# Changing the license plate bulbs



## L7jr (Apr 28, 2005)

Does anyone know how to change the light bulbs for the rear license plate? I looked in the manual and it looks like there is a screw or something there because the diagram shows arrows pointing in a circular direction.

I was looking at the assemblies today and saw that the bulbs are surrounded in rubber. Do I have to pry off the rubber and then there are screws there or do I gain access to the bulbs from inside the trunk by lifting the lining?

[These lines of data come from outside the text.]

lemma abs_continuous_on_imp_continuous_on:
  assumes "abs_continuous_on S f" and "is_interval S"
  shows "continuous_on S f"
  unfolding continuous_on_iff
proof (intro ballI allI impI)
  fix x e :: real assume x: "x \<in> S" and "e > 0"
  obtain d where "d > 0" and d: "\<And>n (x::nat\<Rightarrow>real) y.
        (\<forall>k<n. x k \<le> y k \<and> {x k..y k} \<subseteq> S) \<and>
        (\<forall>k<n. \<forall>k'<n. k \<noteq> k' \<longrightarrow> y k \<le> x k' \<or> y k' \<le> x k) \<and> (\<Sum>k<n. y k - x k) < d
        \<Longrightarrow> (\<Sum>k<n. norm (f (y k) - f (x k))) < e"
    using assms(1) \<open>e > 0\<close> unfolding abs_continuous_on_def by blast
  show "\<exists>d>0. \<forall>y\<in>S. dist y x < d \<longrightarrow> dist (f y) (f x) < e"
  proof (intro exI[of _ d] conjI ballI impI \<open>d > 0\<close>)
    fix y assume y: "y \<in> S" "dist y x < d"
    have "{min x y..max x y} \<subseteq> S"
      using assms(2) x y(1) unfolding is_interval_1 by (metis atLeastAtMost_iff min_def max_def subsetI)
    moreover have "max x y - min x y < d"
      using y(2) by (auto simp: dist_real_def max_def min_def)
    ultimately have "norm (f (max x y) - f (min x y)) < e"
      using d[of 1 "\<lambda>_. min x y" "\<lambda>_. max x y"] by simp
    then show "dist (f y) (f x) < e"
      by (cases "x \<le> y") (auto simp: dist_norm norm_minus_commute max_def min_def)
  qed
qed

lemma abs_continuous_on_compose_bounded_linear:
  assumes "abs_continuous_on S f" and "bounded_linear g"
  shows "abs_continuous_on S (\<lambda>t. g (f t))"
  unfolding abs_continuous_on_def
proof (intro allI impI)
  fix e :: real assume "e > 0"
  obtain K where "K > 0" and K: "\<And>x. norm (g x) \<le> norm x * K"
    using bounded_linear.pos_bounded[OF assms(2)] by blast
  have "e / K > 0" using \<open>e > 0\<close> \<open>K > 0\<close> by simp
  then obtain d where "d > 0" and d: "\<And>n (x::nat\<Rightarrow>real) y.
        (\<forall>k<n. x k \<le> y k \<and> {x k..y k} \<subseteq> S) \<and>
        (\<forall>k<n. \<forall>k'<n. k \<noteq> k' \<longrightarrow> y k \<le> x k' \<or> y k' \<le> x k) \<and> (\<Sum>k<n. y k - x k) < d
        \<Longrightarrow> (\<Sum>k<n. norm (f (y k) - f (x k))) < e / K"
    using assms(1) unfolding abs_continuous_on_def by blast
  show "\<exists>d>0. \<forall>n (x::nat\<Rightarrow>real) y. (\<forall>k<n. x k \<le> y k \<and> {x k..y k} \<subseteq> S) \<and>
        (\<forall>k<n. \<forall>k'<n. k \<noteq> k' \<longrightarrow> y k \<le> x k' \<or> y k' \<le> x k) \<and> (\<Sum>k<n. y k - x k) < d \<longrightarrow>
        (\<Sum>k<n. norm (g (f (y k)) - g (f (x k)))) < e"
  proof (intro exI[of _ d] conjI allI impI \<open>d > 0\<close>)
    fix n and x y :: "nat \<Rightarrow> real"
    assume "(\<forall>k<n. x k \<le> y k \<and> {x k..y k} \<subseteq> S) \<and>
        (\<forall>k<n. \<forall>k'<n. k \<noteq> k' \<longrightarrow> y k \<le> x k' \<or> y k' \<le> x k) \<and> (\<Sum>k<n. y k - x k) < d"
    then have small: "(\<Sum>k<n. norm (f (y k) - f (x k))) * K < e"
      using d \<open>K > 0\<close> by (simp add: pos_less_divide_eq)
    have "(\<Sum>k<n. norm (g (f (y k)) - g (f (x k)))) \<le> (\<Sum>k<n. norm (f (y k) - f (x k)) * K)"
      using K by (intro sum_mono) (simp flip: linear_diff[OF bounded_linear.linear[OF assms(2)]])
    also have "\<dots> < e" using small by (simp add: sum_distrib_right)
    finally show "(\<Sum>k<n. norm (g (f (y k)) - g (f (x k)))) < e" .
  qed
qed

One last question, what are the chances that both bulbs go at the same time or is that just a coincidence?


----------



## steve_00altimase (Dec 31, 2005)

The bulbs are actually really easy to replace. The whole light assembly should just come right out when you pull on it (may require a little effort). After you have pulled the assembly out, you twist the light fixture to release it from the rest of the assembly, and once the bulb is exposed it pulls straight out.

I hope this is helpful. I have replaced mine a couple of times. It isn't very hard. (One of my lights was out when I got the car, and then I had to replace the other when my cousin backed into my bumper.)


----------



## L7jr (Apr 28, 2005)

steve_00altimase said:


> The bulbs are actually really easy to replace. The whole light assembly should just come right out when you pull on it (may require a little effort). After you have pulled the assembly out, you twist the light fixture to release it from the rest of the assembly, and once the bulb is exposed it pulls straight out.
> 
> I hope this is helpful. I have replaced mine a couple of times. It isn't very hard. (One of my lights was out when I got the car, and then I had to replace the other when my cousin backed into my bumper.)


Thank you. The information that you gave was very helpful.


----------